Журналисты, затаив дыхание, слушали, как я с помощью поставленной прямо на лист бумаги мэра мощной рации военного образца отдаю командирам частей кодированные приказы вскрыть надлежащие пакеты. Советник Фаул истово пялился на меня и беззвучно шевелил губами — то ли повторял за мной команды, то ли молился. Отцы Города и Ответственные Лица сияли.
Вот и все, и больше мне здесь делать нечего. Я повернулся было, но журналисты стояли передо мной, как спартанцы у Фермопил. Раздался боевой клич их племени:
— Интервью!!!
— Минуту, — вклинился мэр, и все затихли. — Сначала я хотел бы сообщить, что господин Гарт избран почетным гражданином нашего города и награжден памятной медалью нашего города, которую мы вручаем лицам, сделавшим на благо города что-то серьезное и важное. — Он вручил мне синюю папку с тисненным золотом заковыристым гербом города и коробочку. Я (невольно оглянувшись в ожидании бойскаутов с барабаном) пожал мэру руку, принял регалии и стоял, равнодушно держа их перед собой. Мэр продолжал: — Кроме этого, мы отправили в правительство настоятельное ходатайство о награждении господина Гарта высшим орденом нашей страны.

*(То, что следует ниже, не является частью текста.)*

(* Let $M$ be a pointed metric space and let $\mathcal U$ be a countably incomplete ultrafilter on a set $I$. Let $T\colon(\mathrm{Lip}_0(M))_{\mathcal U}\rightarrow \mathrm{Lip}_0(M_{\mathcal U})$ be the operator given by $T((f_i)_{\mathcal U})((x_i)_{\mathcal U})=\lim_{\mathcal U,i}f_i(x_i)$. The following are equivalent: (i) $M$ is uniformly discrete and bounded; (ii) $T$ is injective; (iii) $T$ is an isometry.
   Context: An ultrafilter $\mathcal U$ on $I$ is countably incomplete if there is a sequence $(I_n)_{n\in\mathbb N}$ in $\mathcal U$ with $I_{n+1}\subset I_n$ and $\bigcap_n I_n=\emptyset$. Ultrapower of a metric space: for a metric space $(M,d)$ with base point $0$, let $\ell_\infty(M)=\{(x_i)_{i\in I}\in M^I:\sup_i d(x_i,0)<\infty\}$ with pseudometric $d((x_i),(y_i))=\lim_{\mathcal U,i}d(x_i,y_i)$; $M_{\mathcal U}$ is the metric quotient identifying points at distance $0$, classes written $(x_i)_{\mathcal U}$, pointed by $(0)_{\mathcal U}$. For a Banach space $X$, $X_{\mathcal U}$ is the usual Banach ultrapower (base point $0$), with norm $\|(x_i)_{\mathcal U}\|=\lim_{\mathcal U}\|x_i\|$. $\mathrm{Lip}_0(M)$ is the Banach space of real-valued Lipschitz functions on $M$ vanishing at $0$ with norm the Lipschitz constant. $M$ is uniformly discrete if $\inf\{d(x,y):x\neq y\}>0$. *)

theory Defs
  imports "HOL-Analysis.Analysis"
begin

Он громко захлопал, моментально подключились Отцы Города, Ответственные Лица и журналисты. Я снова глянул на Фаула — советник яростно аплодировал, держа перед собой ладони с растопыренными пальцами — как дети в цирке. И мне стало чуточку неловко стоять вот так, с кислой физиономией, посреди охваченных искренней радостью людей, но ничего я не мог с собой поделать…
— Интервью!!! — прогремел вновь боевой клич.
И я стал говорить — тихо, медленно, тщательно взвешивая слова. Рассказал о людях, которые здесь погибли, о своем разговоре с Регаром, о том, какое решение я принял и чем руководствовался. Окончив, уставился в пол и сказал:
— Вопросы?
— Вы рассчитываете, что эвакуация пройдет гладко?
— Надеюсь.
— Представляют ли опасность террористы?
— Их раздавят.
И я двинулся прямо на них, они поворчали, но расступились, и тут я, словно на стену, натолкнулся на вопрос:
— Вы не боитесь, что однажды все повторится? Что это только начало? Его задал седой пожилой мужчина, чем-то выделявшийся в толпе, — видимо, настоящий научный обозреватель, а не липовый, которым столь бездарно попробовав прикидываться я. Настоящие научные обозреватели, как правило, — люди серьезные и образованные… Я не ответил.
— Доброе утро, Анна.
— Доброе утро. Снова ушли ни свет ни заря? Как ваши дела?
— Дела мои кончились, — сказал я. — Баста-финита. Можно уезжать. Или улетать. Или уплывать. (Нужное подчеркнуть.) Одним словом, убираться ко всем чертям.
— Неудача?
— Наоборот. Вовсе даже наоборот.
— Тогда почему у вас такое лицо?
— Ох, Анна… — сказал я. — Иногда и удача нагоняет тоску. В особенности если абсолютно неизвестно, что считать поражением, а что удачей…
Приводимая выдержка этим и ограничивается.